S3 Multi-Region Access Points deliver built-in network resilience, building on top AWS Global Accelerator to route S3 requests over the AWS global network. This is especially important to minimize network congestion and overall latency, while maintaining a simple application architecture. AWS Global Accelerator constantly monitors for regional availability and can shift requests to another region within seconds. By dynamically routing your requests to the lowest latency copy of your data, S3 Multi-Region Access Points increase upload and download performance by up to 60%. This is great not just for server-side applications that rely on S3 for reading configuration files or application data, but also for edge applications that need a performant and reliable write-only endpoint, such as IoT devices or autonomous vehicles.

S3 Multi-Region Access Points in Action
To get started, you create an S3 Multi-Region Access Point in the S3 console, via API, or with AWS CloudFormation.

Let me show you how to create one using the S3 console. Each access point needs a name, unique at the account level.

After it’s created, you can access it through its alias, which is generated automatically and globally unique. The alias will look like a random string ending with .mrap – for example, mmqdt41e4bf6x.mrap. It can also be accessed over the internet via https://mmqdt41e4bf6x.mrap.s3-global.amazonaws.com, via VPC, or on-premises using AWS PrivateLink.

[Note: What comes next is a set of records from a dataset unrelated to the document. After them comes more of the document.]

definition node_wf :: "'a algebra \<Rightarrow> nat \<Rightarrow> nat \<Rightarrow> 'a cnode \<Rightarrow> bool" where
  "node_wf A n i nd \<longleftrightarrow> (case nd of
      CIn j \<Rightarrow> j < n
    | CConst c \<Rightarrow> c \<in> alg_carrier A
    | CGate f cs \<Rightarrow> f < length (alg_ops A) \<and> length cs = fst (alg_ops A ! f) \<and> (\<forall>j \<in> set cs. j < i))"

definition nodes_wf :: "'a algebra \<Rightarrow> nat \<Rightarrow> nat \<Rightarrow> 'a cnode list \<Rightarrow> bool" where
  "nodes_wf A n off C \<longleftrightarrow> (\<forall>i < length C. node_wf A n (off + i) (C ! i))"

lemma wf_circ_iff_nodes_wf: "wf_circ A n C \<longleftrightarrow> C \<noteq> [] \<and> nodes_wf A n 0 C"
  unfolding wf_circ_def nodes_wf_def node_wf_def by (simp only: add_0)

lemma nodes_wf_Nil [simp]: "nodes_wf A n off []"
  by (simp add: nodes_wf_def)

lemma nodes_wf_append:
  "nodes_wf A n off (C @ D) \<longleftrightarrow> nodes_wf A n off C \<and> nodes_wf A n (off + length C) D"
proof -
  have "(\<forall>i < length C + length D. P i) \<longleftrightarrow> (\<forall>i < length C. P i) \<and> (\<forall>i < length D. P (length C + i))"
    for P by (auto, metis add_diff_inverse_nat nat_add_left_cancel_less)
  then show ?thesis
    unfolding nodes_wf_def by (simp add: nth_append add.assoc)
qed

lemma nodes_wf_Cons: "nodes_wf A n off (nd # C) \<longleftrightarrow> node_wf A n off nd \<and> nodes_wf A n (Suc off) C"
  using nodes_wf_append[of A n off "[nd]" C] by (simp add: nodes_wf_def)

lemma nodes_wf_concat_map:
  assumes "\<And>r. r < R \<Longrightarrow> length (f r) = B \<and> nodes_wf A n (off + r * B) (f r)"
  shows "nodes_wf A n off (concat (map f [0..<R]))"
  using assms
proof (induction R)
  case (Suc R)
  have "length (concat (map f [0..<R])) = R * B"
    using Suc.prems by (induction R) auto
  then show ?case using Suc by (simp add: nodes_wf_append)
qed simp
(* Let $\Gamma$ be a distance-regular graph with valency $k\geq 3$, diameter $D\geq 2$ and distinct eigenvalues $\theta_0>\theta_1>\cdots>\theta_D$. If $c_2\neq 1$ and $\Gamma$ contains an induced subgraph isomorphic to a generalized quadrangle $GQ(s,c_2-1)$ for some positive integer $s$, then $\theta_1\leq \frac{k-(a_1+1)}{c_2-1}-1$.
   Context: A connected graph $\Gamma$ of diameter $D$ is distance-regular if there are integers $b_i,c_i$ ($0\le i\le D$) such that for any vertices $x,y$ at distance $i$, $y$ has exactly $c_i$ neighbours at distance $i-1$ from $x$ and $b_i$ neighbours at distance $i+1$ from $x$; $k=b_0$ and $a_i=k-b_i-c_i$. The eigenvalues are those of the adjacency matrix. A generalized quadrangle $GQ(s,t)$ (with $s,t$ positive integers) is a $K_{1,1,2}$-free distance-regular graph of diameter $2$ with intersection array $\{(t+1)s,ts;1,t+1\}$. *)

theory Defs
  imports Complex_Main
begin

definition simple_graph :: "'a set \<Rightarrow> ('a \<Rightarrow> 'a \<Rightarrow> bool) \<Rightarrow> bool" where
  "simple_graph V E \<longleftrightarrow> finite V \<and> (\<forall>x y. E x y \<longrightarrow> x \<in> V \<and> y \<in> V)
     \<and> (\<forall>x y. E x y \<longrightarrow> E y x) \<and> (\<forall>x. \<not> E x x)"

fun walkn :: "('a \<Rightarrow> 'a \<Rightarrow> bool) \<Rightarrow> nat \<Rightarrow> 'a \<Rightarrow> 'a \<Rightarrow> bool" where
  "walkn E 0 x y = (x = y)"
| "walkn E (Suc n) x y = (\<exists>z. E x z \<and> walkn E n z y)"

definition gdist :: "('a \<Rightarrow> 'a \<Rightarrow> bool) \<Rightarrow> 'a \<Rightarrow> 'a \<Rightarrow> nat" where
  "gdist E x y = (LEAST n. walkn E n x y)"

definition connected_graph :: "'a set \<Rightarrow> ('a \<Rightarrow> 'a \<Rightarrow> bool) \<Rightarrow> bool" where
  "connected_graph V E \<longleftrightarrow> (\<forall>x\<in>V. \<forall>y\<in>V. \<exists>n. walkn E n x y)"

definition distance_regular ::
  "'a set \<Rightarrow> ('a \<Rightarrow> 'a \<Rightarrow> bool) \<Rightarrow> (nat \<Rightarrow> nat) \<Rightarrow> (nat \<Rightarrow> nat) \<Rightarrow> nat \<Rightarrow> bool" where
  "distance_regular V E b c D \<longleftrightarrow>
     simple_graph V E \<and> connected_graph V E \<and>
     (\<forall>x\<in>V. \<forall>y\<in>V. gdist E x y \<le> D) \<and> (\<exists>x\<in>V. \<exists>y\<in>V. gdist E x y = D) \<and>
     (\<forall>x\<in>V. \<forall>y\<in>V. \<forall>i\<le>D. gdist E x y = i \<longrightarrow>
        (1 \<le> i \<longrightarrow> card {z\<in>V. E y z \<and> gdist E x z + 1 = i} = c i) \<and>
        card {z\<in>V. E y z \<and> gdist E x z = i + 1} = b i)"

Then, you associate multiple buckets (new or existing) to the access point, one per Region. If you need data replication, you’ll need to enable bucket versioning too.

Finally, you configure the Block Public Access settings for the access point. By default, all public access is blocked, which works fine for most cases.

The creation process is asynchronous, you can view the creation status in the Console or by listing the S3 Multi-Region Access Points from the CLI. When it becomes Ready, you can configure optional settings for the access point policy and object replication.

Similar to regular access points, you can customize the access control policy to limit the use of the access point with respect to the bucket’s permission. Keep in mind that both the access point and the underlying buckets must permit a request. S3 Multi-Region Access Points cannot extend the permissions, just limit (or equal) them. You can also use IAM Access Analyzer to verify public and cross-account access for buckets that use S3 Multi-Region Access Points and preview access to your buckets before deploying permissions changes.

Your S3 Multi-Region Access Point access policy might look like this:

{
  "Version": "2012-10-17",
  "Statement": [
    {
      "Sid": "Default",
      "Effect": "Allow",
      "Principal": {
        "AWS": "YOUR_ACCOUNT_ID" 
      },
      "Action": ["s3:GetObject", "s3:PutObject"],
      "Resource": "arn:aws:s3::YOUR_ACCOUNT_ID:accesspoint/YOUR_ALIAS/object/*"
    }
   ]
}

To replicate data between buckets used with your S3 Multi-Region Access Point, you configure S3 Replication. In some cases, you might want to store different content in each bucket, or have a portion of a regional bucket for use with a global endpoint and other portions that aren’t replicated and used only with a regional access point or direct bucket access. For example, an IoT device configuration might include references to other regional API endpoints or regional resources that will be different for each bucket.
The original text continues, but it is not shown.